What is expected >>
Please write out all of the records below exactly as they appear.

[Saved entries]
============
text \<open>f(gZ(G), hZ(G)) = [g,h] (well defined since G' is central).\<close>
definition cform :: "('a, 'b) monoid_scheme \<Rightarrow> 'a set \<Rightarrow> 'a set \<Rightarrow> 'a" where
  "cform G P Q = gcomm G (SOME g. g \<in> P) (SOME h. h \<in> Q)"

definition endo_ring :: "('c, 'd) monoid_scheme \<Rightarrow> ('c \<Rightarrow> 'c) ring" where
  "endo_ring H = \<lparr>carrier = {h \<in> hom H H. h \<in> extensional (carrier H)},
     mult = (\<lambda>s t. restrict (s \<circ> t) (carrier H)),
     one = restrict id (carrier H),
     zero = restrict (\<lambda>x. \<one>\<^bsub>H\<^esub>) (carrier H),
     add = (\<lambda>s t. restrict (\<lambda>x. s x \<otimes>\<^bsub>H\<^esub> t x) (carrier H))\<rparr>"

text \<open>A ring of scalars, identified with its (faithful) image in End(M): a commutative
  subring S of End(M) together with a faithful action (injective unital ring
  homomorphism) of S on N such that f(sx,y) = f(x,sy) = s f(x,y).\<close>
definition ring_of_scalars :: "('a, 'b) monoid_scheme \<Rightarrow> ('a set \<Rightarrow> 'a set) set \<Rightarrow> bool" where
  "ring_of_scalars G S \<longleftrightarrow>
     subcring S (endo_ring (Mgrp G)) \<and>
     (\<exists>\<phi>. \<phi> \<in> ring_hom ((endo_ring (Mgrp G))\<lparr>carrier := S\<rparr>) (endo_ring (Ngrp G)) \<and>
          inj_on \<phi> S \<and>
          (\<forall>s \<in> S. \<forall>x \<in> carrier (Mgrp G). \<forall>y \<in> carrier (Mgrp G).
              cform G (s x) y = \<phi> s (cform G x y) \<and>
              cform G x (s y) = \<phi> s (cform G x y)))"

definition maximal_ring_of_scalars :: "('a, 'b) monoid_scheme \<Rightarrow> ('a set \<Rightarrow> 'a set) set \<Rightarrow> bool" where
  "maximal_ring_of_scalars G S \<longleftrightarrow>
     ring_of_scalars G S \<and> (\<forall>S'. ring_of_scalars G S' \<longrightarrow> S' \<subseteq> S)"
============
Solution for this task >>
text \<open>f(gZ(G), hZ(G)) = [g,h] (well defined since G' is central).\<close>
definition cform :: "('a, 'b) monoid_scheme \<Rightarrow> 'a set \<Rightarrow> 'a set \<Rightarrow> 'a" where
  "cform G P Q = gcomm G (SOME g. g \<in> P) (SOME h. h \<in> Q)"

definition endo_ring :: "('c, 'd) monoid_scheme \<Rightarrow> ('c \<Rightarrow> 'c) ring" where
  "endo_ring H = \<lparr>carrier = {h \<in> hom H H. h \<in> extensional (carrier H)},
     mult = (\<lambda>s t. restrict (s \<circ> t) (carrier H)),
     one = restrict id (carrier H),
     zero = restrict (\<lambda>x. \<one>\<^bsub>H\<^esub>) (carrier H),
     add = (\<lambda>s t. restrict (\<lambda>x. s x \<otimes>\<^bsub>H\<^esub> t x) (carrier H))\<rparr>"

text \<open>A ring of scalars, identified with its (faithful) image in End(M): a commutative
  subring S of End(M) together with a faithful action (injective unital ring
  homomorphism) of S on N such that f(sx,y) = f(x,sy) = s f(x,y).\<close>
definition ring_of_scalars :: "('a, 'b) monoid_scheme \<Rightarrow> ('a set \<Rightarrow> 'a set) set \<Rightarrow> bool" where
  "ring_of_scalars G S \<longleftrightarrow>
     subcring S (endo_ring (Mgrp G)) \<and>
     (\<exists>\<phi>. \<phi> \<in> ring_hom ((endo_ring (Mgrp G))\<lparr>carrier := S\<rparr>) (endo_ring (Ngrp G)) \<and>
          inj_on \<phi> S \<and>
          (\<forall>s \<in> S. \<forall>x \<in> carrier (Mgrp G). \<forall>y \<in> carrier (Mgrp G).
              cform G (s x) y = \<phi> s (cform G x y) \<and>
              cform G x (s y) = \<phi> s (cform G x y)))"

definition maximal_ring_of_scalars :: "('a, 'b) monoid_scheme \<Rightarrow> ('a set \<Rightarrow> 'a set) set \<Rightarrow> bool" where
  "maximal_ring_of_scalars G S \<longleftrightarrow>
     ring_of_scalars G S \<and> (\<forall>S'. ring_of_scalars G S' \<longrightarrow> S' \<subseteq> S)"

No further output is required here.